At FNA Talks, we are drawing on the experience of key fintech, regtech and suptech authorities to discuss trends and developments which are defining the technology and innovation landscapes.
Today, I am joined by David Boulder from the Nordic Investment Bank. David is a co-author of a recently published and important book titled Data Science in Economics and Finance for Decision Makers, which will be our focus for today’s episode.
Welcome David, and thank you for joining us at FNA Talks.
To kick things off, please can you briefly introduce yourself and tell us a little bit more about your background.
Well, my name is David Boulder. I’m a quantitative analyst. That’s how I would identify myself. My educational background is a mix of stuff. I’ve studied mathematics, finance, management science as well as operational research in business at graduate level and I’ve worked in quite a range of quantitative roles over the last 25 years or so in a bunch of different places.

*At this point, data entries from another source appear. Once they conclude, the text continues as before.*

(* Let $(\mathcal V,\mathcal W,\lambda)$ be a FTvN system. Then it comes from a normal decomposition system if and only if it is orbit-transitive, $\mathcal W\subseteq\mathcal V$, and $\lambda^2=\lambda$.
   Context: A Fan-Theobald-von Neumann (FTvN) system is a triple $(\mathcal V,\mathcal W,\lambda)$ where $\mathcal V,\mathcal W$ are real inner product spaces and $\lambda:\mathcal V\to\mathcal W$ is a map such that: (A1) $\|\lambda(x)\|=\|x\|$ for all $x$; (A2) $\langle x,y\rangle\le\langle\lambda(x),\lambda(y)\rangle$ for all $x,y$; (A3) for every $c\in\mathcal V$ and $q\in\lambda(\mathcal V)$ there exists $x$ with $\lambda(x)=q$ and $\langle c,x\rangle=\langle\lambda(c),\lambda(x)\rangle$. An automorphism of the system is an invertible linear map $A:\mathcal V\to\mathcal V$ with $\lambda(Ax)=\lambda(x)$ for all $x$; the set of automorphisms is $\operatorname{Aut}(\mathcal V,\mathcal W,\lambda)$ (a closed subgroup of the orthogonal group $\mathcal O(\mathcal V)$). The system is orbit-transitive if whenever $x,y\in\mathcal V$ with $\lambda(x)=\lambda(y)$ there is $A\in\operatorname{Aut}(\mathcal V,\mathcal W,\lambda)$ with $y=Ax$. A normal decomposition system (NDS) is a triple $(\mathcal V,\mathcal G,\gamma)$ with $\mathcal V$ a real inner product space, $\mathcal G$ a closed subgroup of $\mathcal O(\mathcal V)$ and $\gamma:\mathcal V\to\mathcal V$ such that (a) $\gamma(Ax)=\gamma(x)$ for all $x\in\mathcal V$, $A\in\mathcal G$; (b) for each $x$ there is $A\in\mathcal G$ with $x=A\gamma(x)$; (c) $\langle x,y\rangle\le\langle\gamma(x),\gamma(y)\rangle$ for all $x,y$. An NDS $(\mathcal V,\mathcal G,\gamma)$ yields the FTvN system $(\mathcal V,\operatorname{span}(\gamma(\mathcal V)),\gamma)$. The FTvN system $(\mathcal V,\mathcal W,\lambda)$ is said to come from an NDS if $\mathcal W$ is a linear subspace of $\mathcal V$ with the induced inner product and there is a closed subgroup $\mathcal G$ of $\mathcal O(\mathcal V)$ such that $(\mathcal V,\mathcal G,\lambda)$ is an NDS (viewing $\lambda$ as a map into $\mathcal V$). *)

theory Defs
  imports "HOL-Analysis.Analysis"
begin

text \<open>All spaces live as linear subspaces of a common ambient real inner product
space of type 'a, with the induced inner product. Maps on V are functions
'a => 'a; to make them extensional we require them to be the identity outside V.\<close>

definition linear_on_sub :: "'a::real_inner set \<Rightarrow> ('a \<Rightarrow> 'a) \<Rightarrow> bool" where
  "linear_on_sub V A \<longleftrightarrow>
     (\<forall>x\<in>V. \<forall>y\<in>V. A (x + y) = A x + A y) \<and> (\<forall>c. \<forall>x\<in>V. A (c *\<^sub>R x) = c *\<^sub>R A x)"

definition orth_group :: "'a::real_inner set \<Rightarrow> ('a \<Rightarrow> 'a) set" where
  "orth_group V = {A. linear_on_sub V A \<and> bij_betw A V V \<and>
      (\<forall>x\<in>V. \<forall>y\<in>V. inner (A x) (A y) = inner x y) \<and> (\<forall>x. x \<notin> V \<longrightarrow> A x = x)}"

text \<open>Closed subgroup of O(V) (closedness w.r.t. the operator norm topology:
uniform convergence on the unit ball of V).\<close>
definition closed_subgroup_orth :: "'a::real_inner set \<Rightarrow> ('a \<Rightarrow> 'a) set \<Rightarrow> bool" where
  "closed_subgroup_orth V G \<longleftrightarrow>
     G \<subseteq> orth_group V \<and> (\<lambda>x. x) \<in> G \<and>
     (\<forall>A\<in>G. \<forall>B\<in>G. A \<circ> B \<in> G) \<and>
     (\<forall>A\<in>G. \<exists>B\<in>G. \<forall>x\<in>V. B (A x) = x) \<and>
     (\<forall>f A. (\<forall>n. f n \<in> G) \<and> A \<in> orth_group V \<and>
        (\<forall>e>0. eventually (\<lambda>n. \<forall>x\<in>V. norm x \<le> 1 \<longrightarrow> norm (f n x - A x) \<le> e) sequentially)
        \<longrightarrow> A \<in> G)"

definition ftvn :: "'a::real_inner set \<Rightarrow> 'a set \<Rightarrow> ('a \<Rightarrow> 'a) \<Rightarrow> bool" where
  "ftvn V W lam \<longleftrightarrow> subspace V \<and> subspace W \<and> (\<forall>x\<in>V. lam x \<in> W) \<and>
     (\<forall>x\<in>V. norm (lam x) = norm x) \<and>
     (\<forall>x\<in>V. \<forall>y\<in>V. inner x y \<le> inner (lam x) (lam y)) \<and>
     (\<forall>c\<in>V. \<forall>q\<in>lam ` V. \<exists>x\<in>V. lam x = q \<and> inner c x = inner (lam c) (lam x))"

definition aut :: "'a::real_inner set \<Rightarrow> ('a \<Rightarrow> 'a) \<Rightarrow> ('a \<Rightarrow> 'a) set" where
  "aut V lam = {A. linear_on_sub V A \<and> bij_betw A V V \<and> (\<forall>x\<in>V. lam (A x) = lam x) \<and>
                  (\<forall>x. x \<notin> V \<longrightarrow> A x = x)}"

definition orbit_transitive :: "'a::real_inner set \<Rightarrow> ('a \<Rightarrow> 'a) \<Rightarrow> bool" where
  "orbit_transitive V lam \<longleftrightarrow> (\<forall>x\<in>V. \<forall>y\<in>V. lam x = lam y \<longrightarrow> (\<exists>A\<in>aut V lam. y = A x))"

definition nds :: "'a::real_inner set \<Rightarrow> ('a \<Rightarrow> 'a) set \<Rightarrow> ('a \<Rightarrow> 'a) \<Rightarrow> bool" where
  "nds V G gam \<longleftrightarrow> subspace V \<and> closed_subgroup_orth V G \<and> (\<forall>x\<in>V. gam x \<in> V) \<and>
     (\<forall>x\<in>V. \<forall>A\<in>G. gam (A x) = gam x) \<and>
     (\<forall>x\<in>V. \<exists>A\<in>G. x = A (gam x)) \<and>
     (\<forall>x\<in>V. \<forall>y\<in>V. inner x y \<le> inner (gam x) (gam y))"

definition comes_from_nds :: "'a::real_inner set \<Rightarrow> 'a set \<Rightarrow> ('a \<Rightarrow> 'a) \<Rightarrow> bool" where
  "comes_from_nds V W lam \<longleftrightarrow> W \<subseteq> V \<and> (\<exists>G. nds V G lam)"

end

theory Submission
  imports Defs
begin

text \<open>If \<open>(V, G, lam)\<close> is an NDS, every \<open>x\<close> equals \<open>A (lam x)\<close> for some
  \<open>A \<in> G\<close>; invariance of \<open>lam\<close> under \<open>A\<close> makes \<open>lam\<close> idempotent, and two
  points \<open>x = A (lam x)\<close>, \<open>y = B (lam y)\<close> with \<open>lam x = lam y\<close> are related by
  \<open>B \<circ> inv A\<close>.  Conversely, take for \<open>G\<close> the full automorphism group.  It lies in
  \<open>O(V)\<close> because \<open>lam\<close> preserves norms, and it is closed because (A1) and (A2)
  make \<open>lam\<close> nonexpansive, so a limit of automorphisms still leaves \<open>lam\<close>
  invariant.  Since \<open>lam\<close> is idempotent, \<open>x\<close> and \<open>lam x\<close> have the same
  \<open>lam\<close>-value, and orbit transitivity supplies \<open>A\<close> with \<open>x = A (lam x)\<close>.\<close>

lemma linear_on_sub_comp:
  assumes "linear_on_sub V A" "linear_on_sub V B" "B ` V \<subseteq> V"
  shows "linear_on_sub V (A \<circ> B)"
  using assms unfolding linear_on_sub_def by (auto simp: image_subset_iff)

lemma linear_on_sub_diff:
  assumes "linear_on_sub V A" "subspace V" "x \<in> V" "y \<in> V"
  shows "A (x - y) = A x - A y"
proof -
  have "A ((x - y) + y) = A (x - y) + A y"
    using assms subspace_diff unfolding linear_on_sub_def by blast
  then show ?thesis by (simp add: eq_diff_eq)
qed

lemma linear_on_sub_right_inverse:
  assumes lin: "linear_on_sub V A" and inj: "inj_on A V" and V: "subspace V"
    and B: "\<And>x. x \<in> V \<Longrightarrow> B x \<in> V \<and> A (B x) = x"
  shows "linear_on_sub V B"
  unfolding linear_on_sub_def
proof (intro conjI ballI allI)
  fix x y assume "x \<in> V" "y \<in> V"
  then have "A (B (x + y)) = A (B x + B y)"
    using lin B subspace_add[OF V] unfolding linear_on_sub_def by metis
  then show "B (x + y) = B x + B y"
    using inj_onD[OF inj] B \<open>x \<in> V\<close> \<open>y \<in> V\<close> subspace_add[OF V] by metis
next
  fix c x assume "x \<in> V"
  then have "A (B (c *\<^sub>R x)) = A (c *\<^sub>R B x)"
    using lin B subspace_scale[OF V] unfolding linear_on_sub_def by metis
  then show "B (c *\<^sub>R x) = c *\<^sub>R B x"
    using inj_onD[OF inj] B \<open>x \<in> V\<close> subspace_scale[OF V] by metis
qed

The first decade of my career, I was a researcher at the Canadian Central Bank, that’s where I started out. I spent eight years at the Bank for International Settlements in Switzerland, five years at the World Bank in DC, and currently, I’m a director of Model Development, Economic Capital at the Nordic Investment Bank. I’ve got a few dozen publications, and written a couple of books on various topics. I’ve got another book, just my way of self advertisement, coming out next year on Economic Capital. And I guess, to summarize, what I’m saying is I’m not a Data Scientist, but I’ve used a lot of these techniques in practical ways, along with a lot of other different technical techniques working on quantitative problems over the years.

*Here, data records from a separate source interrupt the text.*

fun is_var_app :: "dB \<Rightarrow> bool" where
  "is_var_app (Var i) = True"
| "is_var_app (App s t) = is_var_app s"
| "is_var_app (Abs s) = False"

fun is_hnf :: "dB \<Rightarrow> bool" where
  "is_hnf (Abs s) = is_hnf s"
| "is_hnf t = is_var_app t"

definition has_hnf :: "dB \<Rightarrow> bool" where
  "has_hnf M \<longleftrightarrow> (\<exists>k H. (head ^^ k) M H \<and> is_hnf H)"

definition hsteps :: "dB \<Rightarrow> nat" where
  "hsteps M = (LEAST k. \<exists>H. (head ^^ k) M H \<and> is_hnf H)"

definition hnf_of :: "dB \<Rightarrow> dB" where
  "hnf_of M = (THE H. (head ^^ hsteps M) M H \<and> is_hnf H)"

text \<open>Positions: lists over {0,1,2}: 0 body of abstraction, 1 function part,
  2 argument of an application.\<close>
type_synonym pos = "nat list"

datatype node = NBot | NVar nat | NAbs | NApp

text \<open>An annotated tree maps each position of the tree to its node label and
  an optional annotation; positions outside the tree are mapped to None.\<close>
type_synonym atree = "pos \<Rightarrow> (node \<times> nat option) option"

fun root_node :: "dB \<Rightarrow> node" where
  "root_node (Var i) = NVar i"
| "root_node (Abs s) = NAbs"
| "root_node (App s t) = NApp"

function (sequential) bt :: "dB \<Rightarrow> atree"
  and spine :: "dB \<Rightarrow> nat option \<Rightarrow> atree" where
  "bt M p =
     (if has_hnf M then spine (hnf_of M) (Some (hsteps M)) p
      else if p = [] then Some (NBot, None) else None)"
| "spine H a [] = Some (root_node H, a)"
| "spine (Abs t) a (0 # p) = spine t None p"
| "spine (App s t) a (Suc 0 # p) = spine s None p"
| "spine (App s t) a (Suc (Suc 0) # p) = bt t p"
| "spine H a p = None"
  by pat_completeness auto
termination
  by (relation "measure (\<lambda>x. case x of Inl (M, p) \<Rightarrow> 2 * length p + 1
                                      | Inr (H, a, p) \<Rightarrow> 2 * length p)") auto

Okay, thank you David. And turning to your contribution to the book, please could you share with us what your chapter covers, and why this is important for decision makers?
Well, a few years ago, Per, who’s the editor of the book, asked me to speak at a risk conference. And the idea was to basically run some kind of presentation about machine learning. And at the time, I was living in America, in the United States, and machine learning really, really captured the popular imagination. It was all over the media. It felt like you couldn’t open a newspaper or magazine without something across something about machine learning. And as I said, although I’m not a data scientist, I’ve used these techniques fairly extensively over the years. And I have to be honest, I was a bit dismayed, dismayed and often a little bit disappointed about how these ideas were being represented and discussed. And so, I thought, given the general confusion, I had this idea, maybe what I should do is sort of take it back to something that people understand a bit better: classical statistics.
Admittedly, not everyone is entirely, comfortable with statistics either, but most business, economics, and finance students have taken at least one or two courses in statistics over the years, and some of them have worked very hard to forget everything they’ve learned in statistics courses, but it’s still back there in the back of the mind.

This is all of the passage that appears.